So happy for you! Can't wait to meet him or her someday!

sherri lynn said...

Darby this post brought tears to my eyes!! I love that you spent the first few minutes of this wonderful news and a new journey of your life praising God.. you are such a godly example my friend! I can't even begin to tell you how happy I am for you!! When I saw your special delivery pictures I about died!! You will best the best momma!! Sooooo happy for you my friend!!

Emily said...

<3 <3 <3 <3 <3
What a blessing the little peep is. :) SO happy for y'all. GOD IS SO GOOD.
Thanks for sharing your touching story sister. DZLAM.

Laura Darling said...

I am so happy for you guys! This is wonderful news and your post announcing it was just darling!

Myra said...

I literally have tears in my eyes! It's beautiful how God's timing works. I will continue to keep you all in my prayers as you begin your newest journey, love! Please remember to keep praying for those who are still struggling!

ari @whatarisaid.wordpress.com said...

Aw Darby, I am SO happy for you and what a sweet, thoughtful way to tell your husband. I am so excited for you, I know you're going to be a wonderful mother too!

Heidi said...

Your baby is going to be sooo loved! That is so sweet how you told your husband. Maybe the wine tasting was for celebration. :)

Eliza said...

Oh my, this was such a sweet emotional post. I struggled with this but no where near as long. I can't even imagine the pain as I only got a tiny taste of it. And that tiny taste was enough for me to never ever wish that pain on anyone ever. I've wondered over the past few years if this was something you were struggling with.
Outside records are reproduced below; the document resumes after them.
lemma uncountable_Field_omega1: "uncountable (Field omega1)"
proof
  assume "countable (Field omega1)"
  then have "|Field omega1| \<le>o natLeq" by (simp add: countable_card_le_natLeq)
  then have "omega1 \<le>o natLeq"
    using card_of_Field_ordIso[OF Card_order_omega1] ordIso_ordLeq_trans ordIso_symmetric by blast
  then show False using cardSuc_greater[OF natLeq_Card_order] not_ordLess_ordLeq by blast
qed

lemma Field_omega1_not_empty: "Field omega1 \<noteq> {}"
  using uncountable_Field_omega1 by auto

lemma omega1_linear:
  assumes "a \<in> Field omega1" "b \<in> Field omega1" "a \<noteq> b"
  shows "a \<in> underS omega1 b \<or> b \<in> underS omega1 a"
  using assms wo_rel.TOTALS[OF wo_rel_omega1] by (auto simp: underS_def)

lemma countable_bounded_omega1:
  assumes "countable K" "K \<subseteq> Field omega1"
  obtains g where "g \<in> Field omega1" "K \<subseteq> underS omega1 g"
proof -
  let ?below = "\<Union>b\<in>K. insert b (underS omega1 b)"
  have "countable ?below" using assms countable_underS_omega1 by blast
  moreover have "?below \<subseteq> Field omega1" using assms by (auto simp: underS_def Field_def)
  ultimately obtain g where g: "g \<in> Field omega1" "g \<notin> ?below"
    using uncountable_Field_omega1 countable_subset by (metis subsetI)
  have "K \<subseteq> underS omega1 g" using g assms omega1_linear by blast
  then show thesis using g that by blast
qed

lemma countable_card_le_omega1: "countable A \<Longrightarrow> |A| \<le>o omega1"
  using countable_card_le_natLeq ordLess_imp_ordLeq[OF cardSuc_greater[OF natLeq_Card_order]]
    ordLeq_transitive by blast

lemma card_of_Field_omega1_times_nat: "|Field omega1 \<times> (UNIV :: nat set)| \<le>o omega1"
proof (rule card_of_Sigma_ordLeq_infinite_Field)
  show "infinite (Field omega1)" using uncountable_Field_omega1 countable_finite by blast
  show "|Field omega1| \<le>o omega1"
    using card_of_Field_ordIso[OF Card_order_omega1] ordIso_imp_ordLeq by blast
  show "\<forall>i\<in>Field omega1. |UNIV :: nat set| \<le>o omega1"
    by (simp add: countable_card_le_omega1)
qed (rule Card_order_omega1)

section \<open>Towers in \<open>\<P>(\<nat>)\<close>\<close>

lemma split_infinite_set:
  assumes "infinite P"
  obtains Q where "Q \<subseteq> P" "infinite Q" "infinite (P - Q)"
proof -
  obtain f :: "nat \<Rightarrow> 'a" where f: "inj f" "range f \<subseteq> P"
    using infinite_countable_subset assms by blast
  let ?Q = "range (\<lambda>n. f (2 * n))" and ?R = "range (\<lambda>n. f (2 * n + 1))"
  have "inj (\<lambda>n. f (2 * n))" "inj (\<lambda>n. f (2 * n + 1))"
    by (auto intro!: injI dest: injD[OF f(1)])
  then have "infinite ?Q" "infinite ?R" using range_inj_infinite by blast+
  moreover have "?R \<subseteq> P - ?Q" using f by (auto dest!: injD[OF f(1)]) presburger
  ultimately show thesis using that[of ?Q] f(2) finite_subset by blast
qed

lemma infinite_pseudo_intersection_decseq:
  fixes B :: "nat \<Rightarrow> nat set"
  assumes "decseq B" "\<And>n. infinite (B n)"
  obtains P where "infinite P" "\<And>n. finite (P - B n)"
proof -
  have "\<exists>p. \<forall>n. p n \<in> B n \<and> p n < p (Suc n)"
  proof (rule dependent_nat_choice)
    show "\<exists>x. x \<in> B 0" using assms(2)[of 0] by (metis ex_in_conv finite.emptyI)
    show "\<exists>y. y \<in> B (Suc n) \<and> x < y" for x n
      using assms(2)[of "Suc n"] unfolding infinite_nat_iff_unbounded by blast
  qed
  then obtain p where p: "\<And>n. p n \<in> B n" "strict_mono p"
    by (auto simp: strict_mono_Suc_iff)
  have "range p - B k \<subseteq> p ` {..<k}" for k
  proof
    fix x assume "x \<in> range p - B k"
    then obtain n where n: "x = p n" "p n \<notin> B k" by blast
    have "n < k"
    proof (rule ccontr)
      assume "\<not> n < k"
      then have "B n \<subseteq> B k" using assms(1) by (simp add: decseq_def)
      then show False using p(1) n(2) by blast
    qed
    then show "x \<in> p ` {..<k}" using n(1) by blast
  qed
  then have "finite (range p - B k)" for k using finite_subset by blast
  moreover have "infinite (range p)"
    using range_inj_infinite strict_mono_imp_inj_on[OF p(2)] by blast
  ultimately show thesis using that by blast
qed

lemma almost_chain_almost_least:
  fixes A :: "nat \<Rightarrow> 'a set"
  assumes chain: "\<And>i j. finite (A i - A j) \<or> finite (A j - A i)"
  shows "\<exists>i\<le>n. \<forall>k\<le>n. finite (A i - A k)"
proof (induction n)
  case (Suc n)
  then obtain i where i: "i \<le> n" "\<forall>k\<le>n. finite (A i - A k)" by blast
  show ?case
  proof (cases "finite (A i - A (Suc n))")
    case True
    then show ?thesis using i by (metis le_Suc_eq)
  next
    case False
    then have "finite (A (Suc n) - A i)" using chain by blast
    then have "finite (A (Suc n) - A k)" if "k \<le> n" for k
      using i(2) that finite_subset[of "A (Suc n) - A k" "(A (Suc n) - A i) \<union> (A i - A k)"]
      by blast
    then show ?thesis by (metis Diff_cancel finite.emptyI le_Suc_eq order_refl)
  qed
qed simp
I remember one of your comments on my blog when I was first pregnant with Cruze and you mentioned that you couldn't wait for your announcement one day. My mind went back to that comment time and time again for almost two and a half years. I was waiting for your announcement too. So so happy for you Darby! You are going to make the most amazing mother and trust me, the best is yet to come.

Bet said...

Darby,
I'm so happy for Phil and you!!! xoxoxo

Britt R said...

The photos were beyond beautiful and amazing! I am so happy for y'all ! Baby Hawley is going to be so loved!!

Pamela Graves said...

So very happy for you - praying for easy months ahead while you await your sweet bundle of joy!

Jamie said...

I've got some seriously wet tears in my eyes Darby! Congratulations, dear! I'll pray for a healthy pregnancy and a healthy baby - you so deserve both. :)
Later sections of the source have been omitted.